Now “sheltering in place” since Governor Newsom’s order on March 20, we took up a friend’s kind offer to shop for us. We reluctantly told our long-time neighbors and friends, Dave and Tiana, that they could no longer share our virus incubator aka hot tub, and that we would no longer be popping into their house on a whim. I don’t think this is the model they had in mind for their golden years.
It feels like months, but it’s only been a week since our lives changed. “How are you doing,” I’m asked in conversations on the phone, zoom, facetime, and skype. After bouts of depression, feeling immobilized and lethargic, and obsessed with the latest news reports, we’re slowly finding a rhythm to the new normal abnormal. After years of procrastination, we’ve organized and culled our library, ready for the students who can’t visit us. Next is cleaning out closets and then taxes. I’ve even started doing a little on-line research on the Berkeley project. It feels like being in a recovery program, except nobody is optimistic about our chances of getting clean. Cecilia and I even tentatively discussed that this temporary routine might become permanent.

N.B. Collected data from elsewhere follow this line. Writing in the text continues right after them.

(* For all positive integers $n$, $\det A(n)=1$.
   Context: For a positive integer $n$, the $n\times n$ matrix $A(n)=(A_{n,i,j})_{0\le i,j\le n-1}$ (entries rational functions in indeterminates $x,y$) is defined by $A_{n,i,j}=\frac{(1+x)(1+y)}{xy}$ if $i=j<n-1$; $A_{n,i,j}=-\frac1{xy}$ if $i=j-1<n-1$; $A_{n,n-1,n-1}=\frac{xy-(n-1)(x+y)}{xy}$; for $i=n-1$ and $j<n-1$, $$A_{n,n-1,j}=\frac{(-1)^{n+j}}{xy}\sum_{l=j}^{n}\left(\binom lj\binom{n+j-1-l}{j}x^{l-j}y^{n-1-l}+\binom lj\binom{n+j-l}{j}x^{l-j}y^{n-l}\right);$$ and $A_{n,i,j}=0$ otherwise. Binomial coefficients $\binom ab$ are $0$ if $b<0$ or $a<b$. *)

theory Defs
  imports "Jordan_Normal_Form.Determinant"
begin

definition ibinom :: "int \<Rightarrow> nat \<Rightarrow> nat" where
  "ibinom a b = (if a < int b then 0 else nat a choose b)"

text \<open>Entry (i,j) of A(n), 0-based indices, evaluated at x, y in a field.\<close>
definition A_entry :: "nat \<Rightarrow> 'a::field \<Rightarrow> 'a \<Rightarrow> nat \<Rightarrow> nat \<Rightarrow> 'a" where
  "A_entry n x y i j =
    (if i = j \<and> i < n - 1 then (1 + x) * (1 + y) / (x * y)
     else if i + 1 = j \<and> i < n - 1 then - 1 / (x * y)
     else if i = n - 1 \<and> j = n - 1 then (x * y - of_nat (n - 1) * (x + y)) / (x * y)
     else if i = n - 1 \<and> j < n - 1 then
       (-1) ^ (n + j) / (x * y) *
       (\<Sum>l = j..n.
          of_nat (ibinom (int l) j * ibinom (int n + int j - 1 - int l) j) * x ^ (l - j) * y ^ (n - 1 - l)
        + of_nat (ibinom (int l) j * ibinom (int n + int j - int l) j) * x ^ (l - j) * y ^ (n - l))
     else 0)"

definition A_mat :: "nat \<Rightarrow> 'a::field \<Rightarrow> 'a \<Rightarrow> 'a mat" where
  "A_mat n x y = mat n n (\<lambda>(i, j). A_entry n x y i j)"

end

theory Submission
  imports Defs "HOL-Computational_Algebra.Formal_Power_Series"
begin

text \<open>
  Put p = xy and u = (1+x)(1+y).  Apart from its last row, A(n) is upper bidiagonal, so
  Laplace expansion along the first column gives p^n det A(n) as a signed sum of
  (-u)^j times the last-row entries.  Up to sign, the j-th entry is the sum of two adjacent
  coefficients of C_j = (1-xX)^{-(j+1)} (1-yX)^{-(j+1)}.  Because
  (1-xX)(1-yX) + uX = (1+X)(1+pX), the series \<Sum>_j (-uX)^j C_j is the inverse of
  (1+X)(1+pX), whose coefficients r_k satisfy r_{k+1} + r_k = (-p)^{k+1}; this collapses the
  expansion to p^n.
\<close>

definition bidiagonal_last_row_mat :: "nat \<Rightarrow> 'a::comm_ring_1 \<Rightarrow> 'a \<Rightarrow> (nat \<Rightarrow> 'a) \<Rightarrow> 'a mat" where
  "bidiagonal_last_row_mat n d e a =
     mat n n (\<lambda>(i, j). if i + 1 < n then (if j = i then d else if j = i + 1 then e else 0) else a j)"

lemma det_bidiagonal_last_row_mat:
  "det (bidiagonal_last_row_mat (Suc n) d e a) = (\<Sum>j\<le>n. a j * d ^ j * (- e) ^ (n - j))"
proof (induction n arbitrary: a)
  case 0
  have "det (bidiagonal_last_row_mat (Suc 0) d e a) = bidiagonal_last_row_mat (Suc 0) d e a $$ (0, 0)"
    by (rule det_single) (simp add: bidiagonal_last_row_mat_def)
  then show ?case by (simp add: bidiagonal_last_row_mat_def)
next
  case (Suc n)
  define B where "B = bidiagonal_last_row_mat (Suc (Suc n)) d e a"
  have B: "B \<in> carrier_mat (Suc (Suc n)) (Suc (Suc n))"
    unfolding B_def bidiagonal_last_row_mat_def by simp
  have middle_rows: "(\<Sum>i<n. B $$ (Suc i, 0) * cofactor B (Suc i) 0) = 0"
    by (rule sum.neutral) (auto simp: B_def bidiagonal_last_row_mat_def)
  have "det B = (\<Sum>i<Suc (Suc n). B $$ (i, 0) * cofactor B i 0)"
    by (rule laplace_expansion_column[OF B]) simp
  also have "\<dots> = B $$ (Suc n, 0) * cofactor B (Suc n) 0 + B $$ (0, 0) * cofactor B 0 0"
    unfolding sum.lessThan_Suc[of _ "Suc n"] sum.lessThan_Suc_shift[of _ n] middle_rows by simp
  finally have laplace: "det B = a 0 * cofactor B (Suc n) 0 + d * cofactor B 0 0"
    by (simp add: B_def bidiagonal_last_row_mat_def)
  have "mat_delete B 0 0 = bidiagonal_last_row_mat (Suc n) d e (\<lambda>j. a (Suc j))"
    by (rule eq_matI) (auto simp: B_def bidiagonal_last_row_mat_def mat_delete_def)
  then have minor_top: "cofactor B 0 0 = (\<Sum>j\<le>n. a (Suc j) * d ^ j * (- e) ^ (n - j))"
    by (simp add: cofactor_def Suc.IH)
  have lower: "mat_delete B (Suc n) 0 \<in> carrier_mat (Suc n) (Suc n)"
    using mat_delete_carrier[OF B] by simp
  have "det (mat_delete B (Suc n) 0) = prod_list (diag_mat (mat_delete B (Suc n) 0))"
    by (rule det_lower_triangular[OF _ lower]) (auto simp: B_def bidiagonal_last_row_mat_def mat_delete_def)
  also have "\<dots> = (\<Prod>i = 0..<Suc n. e)"
    unfolding prod_list_diag_prod using lower
    by (intro prod.cong refl) (auto simp: B_def bidiagonal_last_row_mat_def mat_delete_def)
  finally have minor_bottom: "cofactor B (Suc n) 0 = (- e) ^ Suc n"
    by (simp add: cofactor_def power_minus[of e])
  show ?case
    unfolding B_def[symmetric] laplace minor_top minor_bottom sum.atMost_Suc_shift
    by (simp add: sum_distrib_left mult_ac)
qed

text \<open>The expansion of (1 - zX)^{-(j+1)}.\<close>

definition fps_neg_binomial :: "'a::comm_ring_1 \<Rightarrow> nat \<Rightarrow> 'a fps" where
  "fps_neg_binomial z j = Abs_fps (\<lambda>k. of_nat ((k + j) choose j) * z ^ k)"

lemma fps_nth_neg_binomial [simp]: "fps_nth (fps_neg_binomial z j) k = of_nat ((k + j) choose j) * z ^ k"
  by (simp add: fps_neg_binomial_def)

lemma fps_neg_binomial_0: "(1 - fps_const z * fps_X) * fps_neg_binomial z 0 = 1"
proof (rule fps_ext)
  fix k
  show "fps_nth ((1 - fps_const z * fps_X) * fps_neg_binomial z 0) k = fps_nth 1 k"
    by (cases k) (simp_all add: algebra_simps)
qed

lemma fps_neg_binomial_Suc:
  "(1 - fps_const z * fps_X) * fps_neg_binomial z (Suc j) = fps_neg_binomial z j"
proof (rule fps_ext)
  fix k
  show "fps_nth ((1 - fps_const z * fps_X) * fps_neg_binomial z (Suc j)) k = fps_nth (fps_neg_binomial z j) k"
  proof (cases k)
    case (Suc i)
    have "(Suc i + Suc j) choose Suc j = ((i + Suc j) choose j) + ((i + Suc j) choose Suc j)"
      by simp
    then show ?thesis
      using Suc by (simp add: algebra_simps)
  qed simp
qed

definition fps_neg_binomial_prod :: "'a::comm_ring_1 \<Rightarrow> 'a \<Rightarrow> nat \<Rightarrow> 'a fps" where
  "fps_neg_binomial_prod x y j = fps_neg_binomial x j * fps_neg_binomial y j"

lemma fps_neg_binomial_prod_0:
  "(1 - fps_const x * fps_X) * (1 - fps_const y * fps_X) * fps_neg_binomial_prod x y 0 = 1"
proof -
  have "(1 - fps_const x * fps_X) * (1 - fps_const y * fps_X) * fps_neg_binomial_prod x y 0 =
      ((1 - fps_const x * fps_X) * fps_neg_binomial x 0) * ((1 - fps_const y * fps_X) * fps_neg_binomial y 0)"
    unfolding fps_neg_binomial_prod_def by (simp only: ac_simps)
  then show ?thesis
    by (simp add: fps_neg_binomial_0)
qed

lemma fps_neg_binomial_prod_Suc:
  "(1 - fps_const x * fps_X) * (1 - fps_const y * fps_X) * fps_neg_binomial_prod x y (Suc j)
     = fps_neg_binomial_prod x y j"
proof -
  have "(1 - fps_const x * fps_X) * (1 - fps_const y * fps_X) * fps_neg_binomial_prod x y (Suc j) =
      ((1 - fps_const x * fps_X) * fps_neg_binomial x (Suc j)) * ((1 - fps_const y * fps_X) * fps_neg_binomial y (Suc j))"
    unfolding fps_neg_binomial_prod_def by (simp only: ac_simps)
  then show ?thesis
    by (simp add: fps_neg_binomial_Suc fps_neg_binomial_prod_def)
qed

lemma fps_nth_neg_binomial_prod:
  assumes "j \<le> k"
  shows "fps_nth (fps_neg_binomial_prod x y j) (k - j) =
    (\<Sum>l = j..k. of_nat ((l choose j) * ((k + j - l) choose j)) * x ^ (l - j) * y ^ (k - l))"
proof -
  have "fps_nth (fps_neg_binomial_prod x y j) (k - j) =
      (\<Sum>i = 0..k - j. of_nat ((i + j) choose j) * x ^ i * (of_nat ((k - j - i + j) choose j) * y ^ (k - j - i)))"
    unfolding fps_neg_binomial_prod_def fps_mult_nth by simp
  also have "\<dots> = (\<Sum>i = 0..k - j. of_nat (((i + j) choose j) * ((k + j - (i + j)) choose j))
                      * x ^ (i + j - j) * y ^ (k - (i + j)))"
    by (intro sum.cong refl) (use assms in \<open>auto simp: algebra_simps\<close>)
  also have "\<dots> = (\<Sum>l = 0 + j..k - j + j. of_nat ((l choose j) * ((k + j - l) choose j)) * x ^ (l - j) * y ^ (k - l))"
    by (rule sum.shift_bounds_cl_nat_ivl[symmetric])
  finally show ?thesis
    using assms by simp
qed

lemma fps_neg_binomial_prod_nth_0 [simp]:
  "fps_nth (fps_neg_binomial_prod x y j) 0 = 1"
  by (simp add: fps_neg_binomial_prod_def)

lemma fps_neg_binomial_prod_nth_Suc_0 [simp]:
  "fps_nth (fps_neg_binomial_prod x y j) (Suc 0) = of_nat (Suc j) * (x + y)"
  by (simp add: fps_neg_binomial_prod_def algebra_simps)

lemma one_plus_X_mult_one_plus_const_X:
  fixes x y :: "'a::comm_ring_1"
  shows "(1 + fps_X) * (1 + fps_const (x * y) * fps_X)
    = (1 - fps_const x * fps_X) * (1 - fps_const y * fps_X) + fps_const ((1 + x) * (1 + y)) * fps_X"
proof -
  have "fps_const ((1 + x) * (1 + y)) = 1 + fps_const x + fps_const y + fps_const x * fps_const y"
    by (simp add: algebra_simps flip: fps_const_mult fps_const_add)
  moreover have "fps_const (x * y) = fps_const x * fps_const y"
    by simp
  ultimately show ?thesis
    by (simp del: fps_const_mult fps_const_add add: algebra_simps)
qed

lemma fps_neg_binomial_prod_geometric_sum:
  fixes x y :: "'a::comm_ring_1"
  defines "u \<equiv> (1 + x) * (1 + y)"
  shows "(1 + fps_X) * (1 + fps_const (x * y) * fps_X) *
      (\<Sum>j\<le>N. fps_const ((- u) ^ j) * fps_X ^ j * fps_neg_binomial_prod x y j)
    = 1 - fps_const ((- u) ^ Suc N) * fps_X ^ Suc N * fps_neg_binomial_prod x y N"
proof -
  let ?D = "(1 + fps_X) * (1 + fps_const (x * y) * fps_X)"
  let ?C = "fps_neg_binomial_prod x y"
  define U where "U = fps_const u"
  have D: "?D = (1 - fps_const x * fps_X) * (1 - fps_const y * fps_X) + U * fps_X"
    unfolding one_plus_X_mult_one_plus_const_X U_def u_def ..
  have step: "?D * ?C (Suc j) = ?C j + U * fps_X * ?C (Suc j)" for j
    unfolding D by (simp add: distrib_right fps_neg_binomial_prod_Suc)
  have powers: "fps_const ((- u) ^ k) = (- U) ^ k" for k
    unfolding U_def by (simp add: fps_const_power)
  have "?D * (\<Sum>j\<le>N. (- U) ^ j * fps_X ^ j * ?C j) = 1 - (- U) ^ Suc N * fps_X ^ Suc N * ?C N"
  proof (induction N)
    case 0
    show ?case
      unfolding D by (simp add: distrib_right fps_neg_binomial_prod_0)
  next
    case (Suc N)
    have "?D * (\<Sum>j\<le>Suc N. (- U) ^ j * fps_X ^ j * ?C j)
        = ?D * (\<Sum>j\<le>N. (- U) ^ j * fps_X ^ j * ?C j) + (- U) ^ Suc N * fps_X ^ Suc N * (?D * ?C (Suc N))"
      by (simp only: sum.atMost_Suc distrib_left mult_ac)
    also have "\<dots> = 1 - (- U) ^ Suc (Suc N) * fps_X ^ Suc (Suc N) * ?C (Suc N)"
      unfolding Suc.IH step by (simp add: algebra_simps)
    finally show ?case .
  qed
  then show ?thesis
    unfolding powers .
qed

definition fps_inverse_quadratic :: "'a::comm_ring_1 \<Rightarrow> 'a fps" where
  "fps_inverse_quadratic p = fps_neg_binomial (- 1) 0 * fps_neg_binomial (- p) 0"

lemma fps_neg_binomial_0_uminus: "(1 + fps_const z * fps_X) * fps_neg_binomial (- z) 0 = 1"
  using fps_neg_binomial_0[of "- z"] by (simp flip: fps_const_neg)

lemma one_plus_X_mult_inverse_quadratic:
  fixes p :: "'a::comm_ring_1"
  shows "(1 + fps_X) * fps_inverse_quadratic p = fps_neg_binomial (- p) 0"
  using fps_neg_binomial_0_uminus[of "1 :: 'a"] unfolding fps_inverse_quadratic_def
  by (simp add: mult.assoc[symmetric])

lemma fps_inverse_quadratic_mult: "(1 + fps_X) * (1 + fps_const p * fps_X) * fps_inverse_quadratic p = 1"
proof -
  have "(1 + fps_X) * (1 + fps_const p * fps_X) * fps_inverse_quadratic p
      = (1 + fps_const p * fps_X) * ((1 + fps_X) * fps_inverse_quadratic p)"
    by (simp only: mult_ac)
  then show ?thesis
    unfolding one_plus_X_mult_inverse_quadratic fps_neg_binomial_0_uminus .
qed

lemma fps_nth_inverse_quadratic_Suc:
  "fps_nth (fps_inverse_quadratic p) (Suc k) + fps_nth (fps_inverse_quadratic p) k = (- p) ^ Suc k"
  using arg_cong[OF one_plus_X_mult_inverse_quadratic, of "\<lambda>f. fps_nth f (Suc k)"]
  by (simp add: algebra_simps)

lemma sum_fps_nth_neg_binomial_prod:
  fixes x y :: "'a::comm_ring_1"
  defines "u \<equiv> (1 + x) * (1 + y)"
  shows "(\<Sum>j\<le>k. (- u) ^ j * fps_nth (fps_neg_binomial_prod x y j) (k - j))
    = fps_nth (fps_inverse_quadratic (x * y)) k"
proof -
  let ?D = "(1 + fps_X) * (1 + fps_const (x * y) * fps_X)"
  let ?R = "fps_inverse_quadratic (x * y)"
  define H where "H = (\<Sum>j\<le>k. fps_const ((- u) ^ j) * fps_X ^ j * fps_neg_binomial_prod x y j)"
  define T where "T = ?R * fps_const ((- u) ^ Suc k) * fps_neg_binomial_prod x y k"
  have "H = ?R * (?D * H)"
    using fps_inverse_quadratic_mult[of "x * y"] by (simp add: mult_ac)
  also have "\<dots> = ?R - fps_X ^ Suc k * T"
    unfolding H_def u_def fps_neg_binomial_prod_geometric_sum T_def by (simp add: algebra_simps)
  finally have "fps_nth H k = fps_nth ?R k"
    by (simp only: fps_sub_nth fps_X_power_mult_nth) simp
  moreover have "fps_nth H k = (\<Sum>j\<le>k. (- u) ^ j * fps_nth (fps_neg_binomial_prod x y j) (k - j))"
    unfolding H_def fps_sum_nth by (intro sum.cong refl) (simp add: fps_X_power_mult_nth mult.assoc)
  ultimately show ?thesis
    by simp
qed

lemma ibinom_of_nat: "ibinom (int a) b = a choose b"
  unfolding ibinom_def by (auto simp: binomial_eq_0)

Still, we’re the relatively lucky ones. As retired professors we have a comfortable pension. We can afford not to work. We’re not one of the half a million people in the Bay Area who have lost their jobs or had their hours drastically cut back in restaurants, stores, hotels, and other “non-essential” workplaces. Unlike the eighty percent of California agricultural workers who are undocumented, we are eligible for public services and don’t live in constant fear of ICE. We own our house in Berkeley and co-own a cabin up the coast when we want a break from the metropolis, while thousands in California sleep rough. And we’re not one of the 370,000 people under the age of 65 in the Bay Area who don’t have health insurance. So, for now, we’re doing okay, but the majority isn’t.